“Fifty Shades of Grey,” based on the best-selling novel, opens next month in theaters. A fantasy, right? Three degrees of theft, on the other hand, is a fact.
A theft occurs when someone, without permission, takes something that does not belong to him or her, intending to permanently deprive the owner of the property. Theft levels and punishments vary by state. In California, for example, “grand” theft involves property worth more than $1,000, while “petty” theft covers items worth less. No matter what the grade or degree, a theft charge won’t stick unless the stolen item is worth something. The state must prove, among other things, that the defendant took items that had “value.”
Under Oregon law, a person commits theft in the third degree if he takes property valued less than $100. At about 3:00 a.m., Sunie Shawn Waterhouse entered a commercial business and took several metal items from its recycling drop box, including a chair, a shelving unit and some gutters. The police tracked him down and arrested him. At the trial, an employee of the victimized company testified that the business contracts with a recycling company to haul away the drop box and its contents. The recycler pays for the metal in the box, which amount varies depending on the volume and nature of the metal. The employee, however, was unable to say how much the recycling company would have paid for the items taken by Waterhouse. No other evidence was presented as to the value of the items.

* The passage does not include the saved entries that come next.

(* Let $m,n,p \in \mathbb{N}$. The symmetric Kronecker product $\underline{\otimes}$ (defined in the context) on rectangular matrices has the following properties. (a) (Symmetry) $A \,\underline{\otimes}\, B = B \,\underline{\otimes}\, A$ for all $A,B\in\mathbb{R}^{m\times n}$. (b) (Mixed vector product) $(A\,\underline{\otimes}\, B)\operatorname{svec}(\pi(C)) = \operatorname{svec}(\pi(B\,\pi(C)\,A^T))$ for all $A,B\in\mathbb{R}^{m\times n}$, $C\in\mathbb{R}^{n\times n}$. (c) (Transpose) $(A\,\underline{\otimes}\, B)^T = A^T\,\underline{\otimes}\, B^T$ for all $A,B\in\mathbb{R}^{m\times n}$. (d) (Mixed products) For $A,B\in\mathbb{R}^{m\times n}$ and $C,D\in\mathbb{R}^{n\times p}$: $(A\,\underline{\otimes}\, B)(C\,\underline{\otimes}\, D) = \tfrac12\left(AC\,\underline{\otimes}\, BD + AD\,\underline{\otimes}\, BC\right)$; in particular $(A\,\underline{\otimes}\, B)(C\,\underline{\otimes}\, C) = AC\,\underline{\otimes}\, BC$. Also, for $A,B\in\mathbb{R}^{m\times n}$ and $C\in\mathbb{R}^{p\times m}$: $(C\,\underline{\otimes}\, C)(A\,\underline{\otimes}\, B) = CA\,\underline{\otimes}\, CB$. (e) (Shared eigenvectors) Let $A,B\in\mathbb{R}^{n\times n}$ and let $x,y\in\mathbb{C}^n$ be nonzero with $Ax=\lambda_1x$, $Bx=\mu_1x$, $Ay=\lambda_2y$, $By=\mu_2y$. Then $x\,\underline{\otimes}\, y$ is an eigenvector of $A\,\underline{\otimes}\, B$ with eigenvalue $\tfrac12(\lambda_1\mu_2+\lambda_2\mu_1)$. (f) (Zero) For $A,B\in\mathbb{R}^{m\times n}$, $A\,\underline{\otimes}\, B = 0$ if and only if $A=0$ or $B=0$.
   Context: For $k \in \mathbb{N}$ let $\underline{k} = k(k+1)/2$, $\mathbb{S}^k$ the real symmetric $k\times k$ matrices, $\langle A,B\rangle_F=\operatorname{tr}(A^TB)$, $\operatorname{vec}$ column-stacking vectorization, $\otimes$ the standard Kronecker product, $e_1,\dots,e_k$ the standard basis of $\mathbb{R}^k$. Enumerate the pairs $(r,c)$, $1\le r\le c\le k$, in the order $(1,1),(1,2),\dots,(1,k),(2,2),\dots,(2,k),\dots,(k,k)$ as $(r(\ell),c(\ell))$, $\ell=1,\dots,\underline{k}$, and set $E_\ell = e_{r(\ell)}e_{r(\ell)}^T$ if $r(\ell)=c(\ell)$, $E_\ell=\frac{\sqrt2}{2}(e_{r(\ell)}e_{c(\ell)}^T+e_{c(\ell)}e_{r(\ell)}^T)$ if $r(\ell)<c(\ell)$. Let $W_k\in\mathbb{R}^{\underline{k}\times k^2}$ have $\ell$-th row $\operatorname{vec}(E_\ell)^T$. For $A,B\in\mathbb{R}^{m\times n}$ (or $\mathbb{C}^{m\times n}$, same formula) the symmetric Kronecker product is $A\,\underline{\otimes}\, B = W_m(A\otimes B)W_n^T\in\mathbb{R}^{\underline{m}\times\underline{n}}$; for column vectors $x,y\in\mathbb{C}^n$ this gives $x\,\underline{\otimes}\, y = W_n(x\otimes y)\in\mathbb{C}^{\underline{n}}$ (as $W_1=1$). $\operatorname{svec}:\mathbb{S}^n\to\mathbb{R}^{\underline n}$, $\operatorname{svec}(P) = W_n\operatorname{vec}(P) = (\langle P,E_1\rangle_F,\dots,\langle P,E_{\underline n}\rangle_F)^T$, and $\pi(A) = (A+A^T)/2$ for square $A$. *)

theory Defs
  imports Complex_Main "Jordan_Normal_Form.Char_Poly"
begin

text \<open>Indices are 0-based throughout (the paper uses 1-based indices).\<close>

definition tri :: "nat \<Rightarrow> nat" where
  "tri k = k * (k + 1) div 2"

definition sym_pairs :: "nat \<Rightarrow> (nat \<times> nat) list" where
  "sym_pairs k = concat (map (\<lambda>r. map (\<lambda>c. (r, c)) [r..<k]) [0..<k])"

definition mvec :: "'a mat \<Rightarrow> 'a vec" where
  "mvec M = vec (dim_row M * dim_col M) (\<lambda>i. M $$ (i mod dim_row M, i div dim_row M))"

definition symE :: "nat \<Rightarrow> nat \<Rightarrow> 'a :: real_field mat" where
  "symE k l = (let (r, c) = sym_pairs k ! l in
     mat k k (\<lambda>(i, j).
       if r = c then (if i = r \<and> j = r then 1 else 0)
       else (if (i = r \<and> j = c) \<or> (i = c \<and> j = r) then of_real (sqrt 2 / 2) else 0)))"

definition Wmat :: "nat \<Rightarrow> 'a :: real_field mat" where
  "Wmat k = mat (tri k) (k * k) (\<lambda>(l, j). mvec (symE k l :: 'a mat) $ j)"

definition kron :: "'a :: times mat \<Rightarrow> 'a mat \<Rightarrow> 'a mat" where
  "kron A B = mat (dim_row A * dim_row B) (dim_col A * dim_col B)
     (\<lambda>(i, j). A $$ (i div dim_row B, j div dim_col B) * B $$ (i mod dim_row B, j mod dim_col B))"

definition kron_vec :: "'a :: times vec \<Rightarrow> 'a vec \<Rightarrow> 'a vec" where
  "kron_vec x y = vec (dim_vec x * dim_vec y) (\<lambda>i. x $ (i div dim_vec y) * y $ (i mod dim_vec y))"

definition symkron :: "'a :: real_field mat \<Rightarrow> 'a mat \<Rightarrow> 'a mat" where
  "symkron A B = Wmat (dim_row A) * kron A B * transpose_mat (Wmat (dim_col A))"

text \<open>Symmetric Kronecker product of column vectors x, y of length n: W_n (x \<otimes> y)
  (this equals the matrix definition applied to n x 1 matrices since W_1 = 1).\<close>
definition symkron_vec :: "'a :: real_field vec \<Rightarrow> 'a vec \<Rightarrow> 'a vec" where
  "symkron_vec x y = Wmat (dim_vec x) *\<^sub>v kron_vec x y"

definition svec :: "'a :: real_field mat \<Rightarrow> 'a vec" where
  "svec P = Wmat (dim_row P) *\<^sub>v mvec P"

definition symp :: "real mat \<Rightarrow> real mat" where
  "symp A = (1/2) \<cdot>\<^sub>m (A + transpose_mat A)"

end

theory Submission
  imports Defs
begin

(* For a symmetric n x n matrix S the vector W_n^T svec S is vec S, so the Kronecker identity
   vec (B S A^T) = (A \<otimes> B) vec S shows that symkron A B acts on svec-coordinates as the
   congruence S \<mapsto> B S A^T; since svec X only depends on X + X^T, a general X acts through
   its symmetric part. Every vector is svec of a symmetric matrix, so matrix identities can be
   tested on the vectors svec S, which turns symmetry, the mixed products and the eigenvector
   property into identities between congruences. The transpose rule comes from the one for the
   ordinary Kronecker product. If symkron A B = 0, testing with e_j e_k^T + e_k e_j^T gives
   relations between the columns of A and B that force A = 0 or B = 0. *)

lemma less_mult_imp_mod_div_less:
  fixes u a b :: nat
  assumes "u < a * b"
  shows "u mod a < a" and "u div a < b"
proof -
  from assms have "a > 0" by (cases a) auto
  then show "u mod a < a" by simp
  from assms show "u div a < b" by (simp add: less_mult_imp_div_less mult.commute)
qed

lemma sum_lessThan_mult_mod_div:
  fixes a b :: nat
  shows "(\<Sum>u<a * b. f (u mod a) (u div a)) = (\<Sum>i<a. \<Sum>j<b. f i j)"
proof (cases "a = 0")
  case False
  have "(\<Sum>u<b * a. f (u mod a) (u div a)) = (\<Sum>j<b. \<Sum>u\<in>{j * a..<j * a + a}. f (u mod a) (u div a))"
    by (rule sum.nat_group[symmetric])
  also have "\<dots> = (\<Sum>j<b. \<Sum>i<a. f i j)"
  proof (rule sum.cong[OF refl])
    fix j
    have "(\<Sum>u\<in>{j * a..<j * a + a}. f (u mod a) (u div a))
        = (\<Sum>i\<in>{0..<a}. f ((i + j * a) mod a) ((i + j * a) div a))"
      using sum.shift_bounds_nat_ivl[of "\<lambda>u. f (u mod a) (u div a)" 0 "j * a" a]
      by (simp add: add.commute)
    also have "\<dots> = (\<Sum>i<a. f i j)"
      using False by (intro sum.cong) auto
    finally show "(\<Sum>u\<in>{j * a..<j * a + a}. f (u mod a) (u div a)) = (\<Sum>i<a. f i j)" .
  qed
  finally show ?thesis
    by (simp add: sum.swap[of _ "{..<b}"] mult.commute)
qed simp

lemma symmetrized_product_eq_zero:
  fixes u w :: "nat \<Rightarrow> 'a::field_char_0"
  assumes "\<And>i j. i < n \<Longrightarrow> j < n \<Longrightarrow> u i * w j + u j * w i = 0"
  shows "(\<forall>i<n. u i = 0) \<or> (\<forall>i<n. w i = 0)"
proof (rule ccontr)
  assume "\<not> ?thesis"
  then obtain a b where a: "a < n" "u a \<noteq> 0" and b: "b < n" "w b \<noteq> 0"
    by auto
  from assms[OF a(1) a(1)] a(2) have "w a = 0"
    by simp
  with assms[OF a(1) b(1)] have "u a * w b = 0"
    by simp
  with a b show False
    by simp
qed

lemma nonzero_mat_index:
  assumes "A \<in> carrier_mat m n" and "A \<noteq> 0\<^sub>m m n"
  shows "\<exists>i<m. \<exists>j<n. A $$ (i, j) \<noteq> 0"
proof (rule ccontr)
  assume "\<not> ?thesis"
  then have "A = 0\<^sub>m m n"
    using assms(1) by (intro eq_matI) auto
  with assms(2) show False ..
qed

lemma eq_mat_by_mult_vecI:
  fixes M N :: "'a::comm_ring_1 mat"
  assumes M: "M \<in> carrier_mat nr nc" and N: "N \<in> carrier_mat nr nc"
    and eq: "\<And>v. v \<in> carrier_vec nc \<Longrightarrow> M *\<^sub>v v = N *\<^sub>v v"
  shows "M = N"
proof (rule eq_matI)
  fix i j
  assume i: "i < dim_row N" and j: "j < dim_col N"
  have "M $$ (i, j) = (M *\<^sub>v unit_vec nc j) $ i"
    using M N i j by simp
  also have "\<dots> = (N *\<^sub>v unit_vec nc j) $ i"
    by (simp add: eq)
  also have "\<dots> = N $$ (i, j)"
    using N i j by simp
  finally show "M $$ (i, j) = N $$ (i, j)" .
qed (use M N in auto)

lemma smult_mat_mult_vec:
  "M \<in> carrier_mat nr nc \<Longrightarrow> v \<in> carrier_vec nc \<Longrightarrow> (a \<cdot>\<^sub>m M) *\<^sub>v v = a \<cdot>\<^sub>v (M *\<^sub>v v)"
  by (rule eq_vecI) (auto simp: scalar_prod_def sum_distrib_left mult.assoc)

lemma half_smult_double: "(1/2) \<cdot>\<^sub>m (X + X) = (X :: 'a::field_char_0 mat)"
  by (rule eq_matI) auto

lemma transpose_mult_mult_transpose:
  fixes B S A :: "'a::comm_ring_1 mat"
  assumes "B \<in> carrier_mat m n" and "S \<in> carrier_mat n n'" and "A \<in> carrier_mat m' n'"
  shows "transpose_mat (B * S * transpose_mat A) = A * transpose_mat S * transpose_mat B"
proof -
  have BS: "B * S \<in> carrier_mat m n'"
    using assms by simp
  have "transpose_mat (B * S * transpose_mat A) = transpose_mat (transpose_mat A) * transpose_mat (B * S)"
    by (rule transpose_mult[OF BS]) (use assms(3) in simp)
  also have "\<dots> = A * (transpose_mat S * transpose_mat B)"
    using transpose_mult[OF assms(1,2)] by simp
  also have "\<dots> = A * transpose_mat S * transpose_mat B"
    using assms by simp
  finally show ?thesis .
qed

lemma mult_mult_transpose_comp:
  fixes A B C D S :: "'a::comm_ring_1 mat"
  assumes B: "B \<in> carrier_mat m n" and D: "D \<in> carrier_mat n p" and S: "S \<in> carrier_mat p p'"
    and C: "C \<in> carrier_mat n' p'" and A: "A \<in> carrier_mat m' n'"
  shows "B * (D * S * transpose_mat C) * transpose_mat A = (B * D) * S * transpose_mat (A * C)"
proof -
  have At: "transpose_mat A \<in> carrier_mat n' m'" and Ct: "transpose_mat C \<in> carrier_mat p' n'"
    using A C by auto
  have DS: "D * S \<in> carrier_mat n p'"
    using D S by simp
  have "B * (D * S * transpose_mat C) * transpose_mat A = B * (D * S * transpose_mat C * transpose_mat A)"
    using B DS Ct At by (intro assoc_mult_mat) auto
  also have "D * S * transpose_mat C * transpose_mat A = D * S * (transpose_mat C * transpose_mat A)"
    using DS Ct At by (rule assoc_mult_mat)
  also have "transpose_mat C * transpose_mat A = transpose_mat (A * C)"
    using A C by (rule transpose_mult[symmetric])
  also have "B * (D * S * transpose_mat (A * C)) = B * (D * S) * transpose_mat (A * C)"
    using B DS A C by (intro assoc_mult_mat[symmetric]) auto
  also have "B * (D * S) = B * D * S"
    using B D S by (rule assoc_mult_mat[symmetric])
  finally show ?thesis .
qed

After the state rested its case, Waterhouse’s lawyer moved for a judgment of acquittal. “All we have is speculative testimony,” he argued. “[The company witness] said that the property was metal, they have a service that collects … only … full dumpsters … * * * He didn’t indicate that they would be willing to … pick up and pay for ... this specific chair and bookcase, not did he indicate that they would have found the material was valuable at all.”
The trial judge denied the motion, and the defendant was convicted of third-degree theft. On appeal, Waterhouse argued that the state failed to produce evidence that the scrap metal had value. A three-judge panel upheld the verdict.
Even when the value of stolen property cannot be reasonably ascertained, “the state must prove that the items taken have some monetary value,” the panel said. If value is difficult to measure, the state criminal code helpfully says: “it shall be presumed to be an amount less than $50,” which effectively makes it unnecessary for the state to prove the “precise value,” the judges noted.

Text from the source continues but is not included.